Pashka’s legs let him down and he flopped down on the bench beside him.

“Why did they fire you? And for what reason?” the yardman totally devastated Migalkin. “For a drunken brawl! Because of the discredit!”

Heavy sobbing shook Pashka’s crooked back.

“Now? Now…” The cemetery caretaker compassionately patted him by the shoulder. “You have applied for benefits, you are unemployed…in fact, you sit on the neck of the state. You’re not working! What is the benefit from you to the people? What are you doing? You drink vodka and visit promiscuous women…you parasitize, so to speak, on the bodies and souls of Russians, you drink our blood…”

The old man pushed Migalkin in the breast with a broom. Pashka felt the last bit of energy leaving his body and, suffering from a hangover and swinging, he fell down to the legs of the janitor.

“Okay, poor thing, do not worry,” said the caretaker, leaning over to Migalkin and fastening the hook to the collar of his jacket.

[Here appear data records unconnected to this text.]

lemma nesum_mono:
  fixes f g :: "'a \<Rightarrow> 's::ordered_ab_semigroup_add"
  assumes "xs \<noteq> []" "\<And>x. x \<in> set xs \<Longrightarrow> f x \<le> g x"
  shows "nesum (map f xs) \<le> nesum (map g xs)"
  using assms
proof (induction xs)
  case (Cons x xs)
  then show ?case
    by (cases "xs = []") (simp_all add: nesum_Cons add_mono)
qed simp

text \<open>By \<open>admissible_level_pair\<close>, \<open>admissible_level [j1, j2] j\<close> is the index condition of
  \<open>vee1\<close>; so this is the inequality \<open>h \<le> g \<or> g'\<close> with the second index held fixed.\<close>
definition vee_bounded :: "nat \<Rightarrow> (real \<Rightarrow> nat \<Rightarrow> 's::{ord,plus}) \<Rightarrow> (real \<Rightarrow> nat \<Rightarrow> 's)
    \<Rightarrow> (real \<Rightarrow> nat \<Rightarrow> 's) \<Rightarrow> bool" where
  "vee_bounded l h g g' \<longleftrightarrow> (\<forall>v v' j j1 j2. j \<le> l \<longrightarrow> j1 \<le> l \<longrightarrow> j2 \<le> l \<longrightarrow>
     admissible_level [j1, j2] j \<longrightarrow> h (v + v') j \<le> g v j1 + g' v' j2)"

lemma vee_bounded_vee3: "vee_bounded l (\<lambda>v j. vee3 l \<tau> \<tau>' v i j) (\<lambda>v j. \<tau> v i j) (\<lambda>v j. \<tau>' v i j)"
  unfolding vee_bounded_def
proof (intro allI impI)
  fix v v' j j1 j2
  assume "j \<le> l" "j1 \<le> l" "j2 \<le> l" "admissible_level [j1, j2] j"
  have "vee3 l \<tau> \<tau>' (v + v') \<le> vee2 l (\<tau> v) (\<tau>' v')"
    unfolding vee3_def by (rule Inf_lower) blast
  then have "vee3 l \<tau> \<tau>' (v + v') i j \<le> vee2 l (\<tau> v) (\<tau>' v') i j"
    by (simp add: le_fun_def)
  also have "vee2 l (\<tau> v) (\<tau>' v') i \<le> vee1 l (\<tau> v i) (\<tau>' v' i)"
    unfolding vee2_def by (rule Inf_lower) blast
  then have "vee2 l (\<tau> v) (\<tau>' v') i j \<le> vee1 l (\<tau> v i) (\<tau>' v' i) j"
    by (simp add: le_fun_def)
  also have "\<dots> \<le> \<tau> v i j1 + \<tau>' v' i j2"
    using \<open>j1 \<le> l\<close> \<open>j2 \<le> l\<close> \<open>admissible_level [j1, j2] j\<close>
    unfolding vee1_def admissible_level_pair by (intro Inf_lower) blast
  finally show "vee3 l \<tau> \<tau>' (v + v') i j \<le> \<tau> v i j1 + \<tau>' v' i j2" .
qed

lemma vee_bounded_concave3:
  assumes "concave3 l \<tau>"
  shows "vee_bounded l (\<lambda>v j. \<tau> v i j) (\<lambda>v j. \<tau> v i j) (\<lambda>v j. \<tau> v i j)"
  using vee_bounded_vee3[of l \<tau> \<tau> i] assms
  unfolding vee_bounded_def concave3_def by (meson order_trans)

lemma vee_bounded_nesum:
  fixes g :: "real \<Rightarrow> nat \<Rightarrow> 's::ordered_ab_semigroup_add"
  assumes "length xs = 1 \<or> vee_bounded l g g g" "xs \<noteq> []" "\<forall>x\<in>set xs. k x \<le> l"
    and "admissible_level (map k xs) j"
  shows "g (sum_list (map v xs)) j \<le> nesum (map (\<lambda>x. g (v x) (k x)) xs)"
  using assms
proof (induction xs arbitrary: j)
  case (Cons x xs)
  show ?case
  proof (cases "xs = []")
    case True
    then show ?thesis
      using Cons.prems(4) by (simp add: admissible_level_singleton)
  next
    case False
    then have g: "vee_bounded l g g g"
      using Cons.prems(1) by simp
    obtain J1 J2 where J: "admissible_level [k x] J1" "admissible_level (map k xs) J2"
        "admissible_level [J1, J2] j"
      using admissible_level_append[of "[k x]" "map k xs"] Cons.prems(4) False by fastforce
    have "J1 = k x"
      using J(1) by (simp add: admissible_level_singleton)
    moreover have "J2 \<le> l" "j \<le> l"
      using admissible_level_le J(2) Cons.prems(4) Cons.prems(3) False by auto
    ultimately have "g (sum_list (map v (x # xs))) j \<le> g (v x) (k x) + g (sum_list (map v xs)) J2"
      using g J(3) Cons.prems(3) by (simp add: vee_bounded_def)
    also have "\<dots> \<le> g (v x) (k x) + nesum (map (\<lambda>x. g (v x) (k x)) xs)"
      using Cons.IH[OF _ False _ J(2)] g Cons.prems(3) by (simp add: add_left_mono)
    finally show ?thesis
      using False by (simp add: nesum_Cons)
  qed
qed simp
text \<open>A block Toeplitz matrix with entries in \<open>P(M) \<cong> \<complex>[X]/(p)\<close> is given by a symbol
  \<open>\<alpha> : \<int> \<rightarrow> \<complex>[X]\<close>, determined modulo \<open>p\<close>. For \<open>1 \<le> a \<le> n - 1\<close> call \<open>(\<alpha> a, \<alpha> (a - n))\<close>
  a block pair. The product of two such matrices is again Toeplitz iff every \<open>2 \<times> 2\<close> determinant
  formed by a block pair of the first factor and one of the second vanishes modulo \<open>p\<close>, and then
  the block pairs of the product are \<open>\<complex>[X]\<close>-combinations of those of the factors. Hence for a
  maximal subalgebra \<open>S\<close> the module \<open>N\<close> generated by the block pairs of \<open>S\<close> (and by
  \<open>(0, p / g)\<close>, \<open>g\<close> the gcd of \<open>p\<close> and all upper blocks) is isotropic, the Toeplitz matrices
  with all block pairs in \<open>N\<close> form a subalgebra containing \<open>S\<close>, and maximality makes it \<open>S\<close>.
  So the polynomials representing \<open>B\<^sub>j\<close> are the first components of \<open>N\<close> and those representing
  \<open>B\<^sub>-\<^sub>j\<close> the second components, for every \<open>j\<close>; the statements about the gcds follow from
  \<open>N\<close> being a module, and the nonvanishing blocks from genericity.\<close>

section \<open>Evaluating polynomials at a matrix\<close>

lemma zero_smult_mat [simp]: "(0::'a::semiring_0) \<cdot>\<^sub>m A = 0\<^sub>m (dim_row A) (dim_col A)"
  by (rule eq_matI) auto

lemma mat_poly_eval_0 [simp]: "mat_poly_eval d M 0 = 0\<^sub>m d d"
  by (simp add: mat_poly_eval_def)

lemma mat_poly_eval_pCons:
  assumes "M \<in> carrier_mat d d"
  shows "mat_poly_eval d M (pCons a q) = a \<cdot>\<^sub>m 1\<^sub>m d + M * mat_poly_eval d M q"
proof (cases "a = 0 \<and> q = 0")
  case True
  with assms show ?thesis by simp
next
  case False
  then show ?thesis
    by (auto simp: mat_poly_eval_def fold_coeffs_pCons_coeff_not_0_eq fold_coeffs_pCons_not_0_0_eq)
qed

lemma mat_poly_eval_carrier [simp]:
  assumes "M \<in> carrier_mat d d"
  shows "mat_poly_eval d M q \<in> carrier_mat d d"
  by (induct q rule: pCons_induct) (use assms in \<open>simp_all add: mat_poly_eval_pCons\<close>)

lemma mat_poly_eval_dim [simp]:
  assumes "M \<in> carrier_mat d d"
  shows "dim_row (mat_poly_eval d M q) = d" "dim_col (mat_poly_eval d M q) = d"
  using mat_poly_eval_carrier[OF assms] by auto

lemma mat_poly_eval_add:
  assumes M: "M \<in> carrier_mat d d"
  shows "mat_poly_eval d M (q + r) = mat_poly_eval d M q + mat_poly_eval d M r"
proof (induct q r rule: poly_induct2)
  case 0
  then show ?case using M by simp
next
  case (pCons a q b r)
  let ?q = "mat_poly_eval d M q" and ?r = "mat_poly_eval d M r"
  have "mat_poly_eval d M (pCons a q + pCons b r) = (a + b) \<cdot>\<^sub>m 1\<^sub>m d + M * (?q + ?r)"
    using pCons M by (simp add: mat_poly_eval_pCons)
  also have "\<dots> = (a + b) \<cdot>\<^sub>m 1\<^sub>m d + (M * ?q + M * ?r)"
    using mult_add_distrib_mat[OF M mat_poly_eval_carrier[OF M] mat_poly_eval_carrier[OF M]] by simp
  also have "\<dots> = (a \<cdot>\<^sub>m 1\<^sub>m d + M * ?q) + (b \<cdot>\<^sub>m 1\<^sub>m d + M * ?r)"
    by (rule eq_matI) (use M in \<open>auto simp: algebra_simps\<close>)
  finally show ?case using M by (simp add: mat_poly_eval_pCons)
qed

lemma mat_poly_eval_smult:
  assumes M: "M \<in> carrier_mat d d"
  shows "mat_poly_eval d M (Polynomial.smult c q) = c \<cdot>\<^sub>m mat_poly_eval d M q"
proof (induct q rule: pCons_induct)
  case (pCons a q)
  show ?case using pCons M
    by (simp add: mat_poly_eval_pCons add_smult_distrib_left_mat mult_smult_distrib)
       (rule eq_matI, auto simp: algebra_simps)
qed simp

lemma mat_poly_eval_mult:
  assumes M: "M \<in> carrier_mat d d"
  shows "mat_poly_eval d M (q * r) = mat_poly_eval d M q * mat_poly_eval d M r"
proof (induct q rule: pCons_induct)
  case 0
  then show ?case using M by (simp add: left_mult_zero_mat[of _ d d])
next
  case (pCons a q)
  let ?q = "mat_poly_eval d M q" and ?r = "mat_poly_eval d M r"
  have "mat_poly_eval d M (pCons a q * r) = mat_poly_eval d M (Polynomial.smult a r + pCons 0 (q * r))"
    by simp
  also have "\<dots> = a \<cdot>\<^sub>m ?r + M * (?q * ?r)"
    using M pCons mult_carrier_mat[OF M mult_carrier_mat[of ?q d d ?r d]]
    by (simp add: mat_poly_eval_add mat_poly_eval_smult mat_poly_eval_pCons)
  also have "\<dots> = (a \<cdot>\<^sub>m 1\<^sub>m d) * ?r + (M * ?q) * ?r"
    using assoc_mult_mat[OF M mat_poly_eval_carrier[OF M] mat_poly_eval_carrier[OF M]]
      mult_smult_assoc_mat[OF one_carrier_mat mat_poly_eval_carrier[OF M]] M by simp
  also have "\<dots> = (a \<cdot>\<^sub>m 1\<^sub>m d + M * ?q) * ?r"
    by (rule add_mult_distrib_mat[symmetric, of _ d d]) (use M in auto)
  finally show ?case using M by (simp add: mat_poly_eval_pCons)
qed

Migalkin could no longer resist, and, as if from outside his body, he was watching what was happening. The old man dragged Pashka to a remote corner of the cemetery. Near the rusty fence, amidst the old graves, among the bushes of ambrosia, Pashka saw a new empty pit.

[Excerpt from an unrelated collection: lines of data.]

(* In the setting of the context, with probability at least $1-\delta/4$, for all $t\ge1$ and all $\mathbf x\in\mathcal D$, $$\big|\overline\zeta_t(\mathbf x)-\widetilde\zeta_t(\mathbf x)\big|\le\nu_t\,\alpha,\qquad \alpha\triangleq\sum_{i=1}^M\omega_i\frac{N_i}{\sigma^2}\Big(2\sqrt{2\sigma^2\log\tfrac{8N_i}{\delta}}+d_i\Big).$$
   Context: Setting. $\mathcal D\subset\mathbb R^D$ is a finite set; $k$ is a squared-exponential kernel with $k(\mathbf x,\mathbf x')\le1$. Target $f$ and meta-functions $f_1,\dots,f_M$ lie in the RKHS of $k$ with norms at most $B$. Target observations $y_t=f(\mathbf x_t)+\epsilon_t$, $\epsilon_t$ i.i.d. $\mathcal N(0,\sigma^2)$. Meta-task $i$ has fixed meta-observations $(\mathbf x_{i,j},y_{i,j})$, $j=1,\dots,N_i$, with $y_{i,j}=f_i(\mathbf x_{i,j})+\epsilon_{i,j}$, $\epsilon_{i,j}$ i.i.d. $\mathcal N(0,\sigma^2)$. Function gap $d_i\triangleq\max_{j}|f(\mathbf x_{i,j})-f_i(\mathbf x_{i,j})|$. Posteriors: target $\mu_t(\mathbf x)=\mathbf k_t(\mathbf x)^\top(\mathbf K_t+\lambda I)^{-1}\mathbf y_t$, $\sigma_t^2(\mathbf x)=k(\mathbf x,\mathbf x)-\mathbf k_t(\mathbf x)^\top(\mathbf K_t+\lambda I)^{-1}\mathbf k_t(\mathbf x)$ (Gram matrix/vector of the first $t$ queried inputs). Meta-task $i$: $\overline\mu_i(\mathbf x)=\mathbf k_i(\mathbf x)^\top(\mathbf K_i+\sigma^2I)^{-1}\overline{\mathbf y}_i$, $\overline\sigma_i^2(\mathbf x)=k(\mathbf x,\mathbf x)-\mathbf k_i(\mathbf x)^\top(\mathbf K_i+\sigma^2I)^{-1}\mathbf k_i(\mathbf x)$, where $\mathbf K_i=[k(\mathbf x_{i,j},\mathbf x_{i,j'})]$, $\mathbf k_i(\mathbf x)=[k(\mathbf x_{i,j},\mathbf x)]_j$, $\overline{\mathbf y}_i=[y_{i,j}]_j$. Parameters: $\tau>0$, $\beta_t>0$, $\nu_t\in[0,1]$ for all $t$, $\omega_i\ge0$ with $\sum_i\omega_i=1$. Acquisition functions. $\overline\zeta_t(\mathbf x)=\nu_t\sum_{i=1}^M\omega_i[\overline\mu_i(\mathbf x)+\tau\overline\sigma_i(\mathbf x)]+(1-\nu_t)[\mu_{t-1}(\mathbf x)+\beta_t\sigma_{t-1}(\mathbf x)]$. Auxiliary: let $\widetilde y_{i,j}=f(\mathbf x_{i,j})+\widetilde\epsilon_{i,j}$ be hypothetical noisy target observations at the meta-inputs, $\widetilde\epsilon_{i,j}$ i.i.d. $\mathcal N(0,\sigma^2)$ independent of everything else; $\widetilde\mu_i$, $\widetilde\sigma_i$ are computed like $\overline\mu_i,\overline\sigma_i$ with $\overline{\mathbf y}_i$ replaced by $\widetilde{\mathbf y}_i=[\widetilde y_{i,j}]_j$ (so $\widetilde\sigma_i=\overline\sigma_i$), and $\widetilde\zeta_t(\mathbf x)=\nu_t\sum_{i=1}^M\omega_i[\widetilde\mu_i(\mathbf x)+\tau\widetilde\sigma_i(\mathbf x)]+(1-\nu_t)[\mu_{t-1}(\mathbf x)+\beta_t\sigma_{t-1}(\mathbf x)]$. *)

theory Defs
  imports "HOL-Probability.Probability" "Jordan_Normal_Form.Gauss_Jordan_Elimination"
begin

(* squared-exponential kernel with signal variance s (assumed 0 < s <= 1, so k <= 1)
   and lengthscale l *)
definition se_kernel :: "real \<Rightarrow> real \<Rightarrow> real ^ 'd \<Rightarrow> real ^ 'd \<Rightarrow> real" where
  "se_kernel s l x x' = s * exp (- (norm (x - x'))\<^sup>2 / (2 * l\<^sup>2))"

definition gram_mat :: "('a \<Rightarrow> 'a \<Rightarrow> real) \<Rightarrow> 'a list \<Rightarrow> real mat" where
  "gram_mat k xs = mat (length xs) (length xs) (\<lambda>(i,j). k (xs ! i) (xs ! j))"

definition kvec :: "('a \<Rightarrow> 'a \<Rightarrow> real) \<Rightarrow> 'a list \<Rightarrow> 'a \<Rightarrow> real vec" where
  "kvec k xs x = vec (length xs) (\<lambda>j. k (xs ! j) x)"

definition reg_inv :: "('a \<Rightarrow> 'a \<Rightarrow> real) \<Rightarrow> real \<Rightarrow> 'a list \<Rightarrow> real mat" where
  "reg_inv k lam xs = the (mat_inverse (gram_mat k xs + lam \<cdot>\<^sub>m 1\<^sub>m (length xs)))"

definition post_mean :: "('a \<Rightarrow> 'a \<Rightarrow> real) \<Rightarrow> real \<Rightarrow> 'a list \<Rightarrow> real list \<Rightarrow> 'a \<Rightarrow> real" where
  "post_mean k lam xs ys x = kvec k xs x \<bullet> (reg_inv k lam xs *\<^sub>v vec_of_list ys)"

definition post_var :: "('a \<Rightarrow> 'a \<Rightarrow> real) \<Rightarrow> real \<Rightarrow> 'a list \<Rightarrow> 'a \<Rightarrow> real" where
  "post_var k lam xs x = k x x - kvec k xs x \<bullet> (reg_inv k lam xs *\<^sub>v kvec k xs x)"

definition post_sd :: "('a \<Rightarrow> 'a \<Rightarrow> real) \<Rightarrow> real \<Rightarrow> 'a list \<Rightarrow> 'a \<Rightarrow> real" where
  "post_sd k lam xs x = sqrt (post_var k lam xs x)"

definition meta_inputs :: "(nat \<Rightarrow> nat \<Rightarrow> 'a) \<Rightarrow> (nat \<Rightarrow> nat) \<Rightarrow> nat \<Rightarrow> 'a list" where
  "meta_inputs xm N i = map (xm i) [0..<N i]"

(* acquisition function zeta_t with given meta-task observation lists Y i,
   target history (first t-1 queried inputs Xh, observations Yh) *)
definition acq ::
  "('a \<Rightarrow> 'a \<Rightarrow> real) \<Rightarrow> real \<Rightarrow> real \<Rightarrow> real \<Rightarrow> real \<Rightarrow> real \<Rightarrow> nat \<Rightarrow> (nat \<Rightarrow> real)
   \<Rightarrow> (nat \<Rightarrow> 'a list) \<Rightarrow> (nat \<Rightarrow> real list) \<Rightarrow> 'a list \<Rightarrow> real list \<Rightarrow> 'a \<Rightarrow> real" where
  "acq k sig lam tau beta nu M w Xm Ym Xh Yh x =
     nu * (\<Sum>i<M. w i * (post_mean k (sig\<^sup>2) (Xm i) (Ym i) x
                           + tau * post_sd k (sig\<^sup>2) (Xm i) x))
     + (1 - nu) * (post_mean k lam Xh Yh x + beta * post_sd k lam Xh x)"

end

(*
  The two acquisition functions differ only in the meta-task posterior means, which are linear
  in the meta-observations: the gap is nu_t * sum_i w_i k_i(x)^T (K_i + sig^2 I)^-1 (ybar_i - ytil_i).
  Positive semidefiniteness of the kernel gives |(K_i + sig^2 I)^-1 v| <= |v| / sig^2, and
  k <= 1 gives |k_i(x)| <= sqrt N_i, so the i-th term is at most
  N_i / sig^2 * (max_j |eps_ij - epst_ij| + d_i).

  The noise part is handled by a weighted Chernoff bound. With a_i = sqrt(2 sig^2 log(8 N_i/delta))
  and t_i = a_i / (2 sig^2), Gaussian exponential moments give
  E exp(t_i (max_j |eps_ij - epst_ij| - 2 a_i)) <= delta/4 for every task; convexity of exp with
  weights proportional to w_i N_i / t_i merges these into a single Markov inequality for the
  weighted sum, so no union bound over the M tasks (and no independence) is needed.
*)

theory Submission
  imports Defs "Jordan_Normal_Form.Determinant"
begin

no_notation Finite_Cartesian_Product.vec_nth (infixl \<open>$\<close> 90)

section \<open>Exponential moments of Gaussian noise\<close>

lemma exp_abs_diff_le:
  fixes t x y :: real
  assumes "0 \<le> t"
  shows "exp (t * \<bar>x - y\<bar>) \<le> (exp (2*t*x) + exp (-2*t*x) + exp (2*t*y) + exp (-2*t*y)) / 2"
proof -
  have exp_abs: "exp \<bar>u\<bar> \<le> exp u + exp (- u)" for u :: real
    by (cases "u \<ge> 0") (simp_all add: add_increasing add_increasing2)
  have "exp (t * \<bar>x - y\<bar>) \<le> exp (t * \<bar>x\<bar>) * exp (t * \<bar>y\<bar>)"
    using assms abs_triangle_ineq4[of x y]
    by (simp add: exp_add[symmetric] distrib_left[symmetric] mult_left_mono)
  also have "\<dots> \<le> ((exp (t * \<bar>x\<bar>))\<^sup>2 + (exp (t * \<bar>y\<bar>))\<^sup>2) / 2"
    using sum_squares_bound[of "exp (t * \<bar>x\<bar>)" "exp (t * \<bar>y\<bar>)"] by simp
  also have "\<dots> = (exp \<bar>2*t*x\<bar> + exp \<bar>2*t*y\<bar>) / 2"
    using assms by (simp add: exp_double[symmetric] abs_mult mult.assoc)
  also have "\<dots> \<le> (exp (2*t*x) + exp (-2*t*x) + exp (2*t*y) + exp (-2*t*y)) / 2"
    using exp_abs[of "2*t*x"] exp_abs[of "2*t*y"] by simp
  finally show ?thesis .
qed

He tried to snap off a hook, moved his legs, but his strength had completely abandoned him, and the old man, with a malicious smile, crossed with his finger—“Come on! Do not be naughty…”—and, having unhooked the hook himself, without any effort, pushed Pashka down into the grave.

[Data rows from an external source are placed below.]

text \<open>Two independent p-dimensional standard Brownian motions: all 2p coordinate
  processes are mutually independent standard Brownian motions.\<close>
definition indep_std_BM_pair :: "'a measure \<Rightarrow> (real \<Rightarrow> 'a \<Rightarrow> real ^ 'p) \<Rightarrow> (real \<Rightarrow> 'a \<Rightarrow> real ^ 'p) \<Rightarrow> bool" where
  "indep_std_BM_pair M W1 W2 \<longleftrightarrow>
     indep_std_BMs M (UNIV :: (bool \<times> 'p) set)
       (\<lambda>(j, i) t \<omega>. (if j then W2 t \<omega> else W1 t \<omega>) $ i)"

definition D_eta :: "real \<Rightarrow> (real \<Rightarrow> 'a \<Rightarrow> real ^ 'p) \<Rightarrow> (real \<Rightarrow> 'a \<Rightarrow> real ^ 'p) \<Rightarrow> 'a \<Rightarrow> real \<times> real \<Rightarrow> real" where
  "D_eta \<eta> W1 W2 \<omega> st = (case st of (s, t) \<Rightarrow>
     t powr (- 3/2 - \<eta>) * normIp ((t - s) *\<^sub>R W2 1 \<omega> + t *\<^sub>R W1 (s - 1) \<omega> - s *\<^sub>R W1 (t - 1) \<omega>))"

end

theory Submission
  imports Defs
begin

text \<open>
  Fix \<open>\<alpha>\<close> with \<open>1/2 < \<alpha> < 1/2 + \<eta>\<close>. By the Gaussian fourth-moment bound and a union bound,
  the probability that some level-\<open>k\<close> dyadic increment of a Brownian motion on \<open>[0, 2^m]\<close>
  exceeds \<open>2^(m\<alpha>) (9/10)^k\<close> is at most a constant times \<open>\<rho>^m q^k\<close> with \<open>\<rho>, q < 1\<close>. By
  Borel-Cantelli, almost surely these bounds hold for all large \<open>m\<close>, and chaining along the
  dyadics bounds the path on \<open>[0, 2^m]\<close> by a multiple of \<open>2^(m\<alpha>)\<close>; hence every coordinate of
  \<open>W\<^sub>1\<close> is \<open>O((1 + u)^\<alpha>)\<close>. Then the vector inside \<open>D\<^sub>\<eta>(s, t)\<close> has norm \<open>O(t^(1+\<alpha>))\<close>,
  so \<open>D\<^sub>\<eta>(s, t) = O(t^(\<alpha>-1/2-\<eta>))\<close> tends to 0 as \<open>t \<rightarrow> \<infinity>\<close>, uniformly in \<open>s\<close>; a continuous
  function on a closed set that vanishes at infinity is bounded and uniformly continuous.
\<close>

lemma (in prob_space) normal_tail_le_fourth_moment:
  assumes X: "distributed M lborel X (normal_density 0 \<sigma>)" and "0 < \<sigma>" "0 < c"
  shows "prob {\<omega>\<in>space M. c < \<bar>X \<omega>\<bar>} \<le> 3 * \<sigma>^4 / c^4"
proof -
  have [measurable]: "X \<in> borel_measurable M"
    using distributed_measurable[OF X] by simp
  have moment: "has_bochner_integral lborel (\<lambda>x. normal_density 0 \<sigma> x * x^4) (3 * \<sigma>^4)"
    using normal_moment_even[OF \<open>0 < \<sigma>\<close>, of 0 2] \<open>0 < \<sigma>\<close>
    by (simp add: fact_numeral field_simps power2_eq_square power4_eq_xxxx)
  have expectation: "expectation (\<lambda>\<omega>. X \<omega> ^ 4) = 3 * \<sigma>^4"
    using distributed_integral[OF X, of "\<lambda>x. x^4"] moment by (simp add: has_bochner_integral_iff)
  have "integrable M (\<lambda>\<omega>. X \<omega> ^ 4)"
    using distributed_integrable[OF X, of "\<lambda>x. x^4"] moment by (simp add: has_bochner_integral_iff)
  then have "prob {\<omega>\<in>space M. c^4 \<le> X \<omega> ^ 4} \<le> expectation (\<lambda>\<omega>. X \<omega> ^ 4) / c^4"
    using \<open>0 < c\<close> by (intro integral_Markov_inequality_measure[where A="space M"]) auto
  moreover have "{\<omega>\<in>space M. c < \<bar>X \<omega>\<bar>} \<subseteq> {\<omega>\<in>space M. c^4 \<le> X \<omega> ^ 4}"
    using \<open>0 < c\<close> power_mono[of c "\<bar>X _\<bar>" 4] by (auto simp: power_even_abs)
  then have "prob {\<omega>\<in>space M. c < \<bar>X \<omega>\<bar>} \<le> prob {\<omega>\<in>space M. c^4 \<le> X \<omega> ^ 4}"
    by (intro finite_measure_mono) measurable
  ultimately show ?thesis
    unfolding expectation by linarith
qed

Through the rustle of the sepulchral soil, covering him, Migalkin heard: “Do not worry…here we bury the ones like you. We are here to bury everyone…and I will write about you…you were born dead…”

***

* NKVD: Narodnyy Komissariat Vnutrennikh Del (Russian: Народный комиссариат внутренних дел, abbreviated NKVD, lit. the People’s Commissariat for Internal Affairs) was the interior ministry of the Soviet Union. An interior ministry is a government ministry typically responsible for policing, emergency management, national security, registration, supervision of local governments, conduct of elections, public administration and immigration matters. The ministry is often headed by a minister of the interior, minister of internal affairs or a minister of home affairs. In some countries, matters relating to the maintenance of law and order and the administration of justice are the responsibility of a separate justice ministry.

** VDNKh: Vystavka Dostizheniy Narodnogo Khozyaystva (VDNKh) (Russian: Выставка достижений народного хозяйства, abbreviated ВДНХ, lit. Exhibition of Achievements of National Economy) is a permanent general purpose trade show and amusement park in Moscow, Russia. Between 1991 and 2014, it was also called the All-Russia Exhibition Centre. It is a state joint-stock company.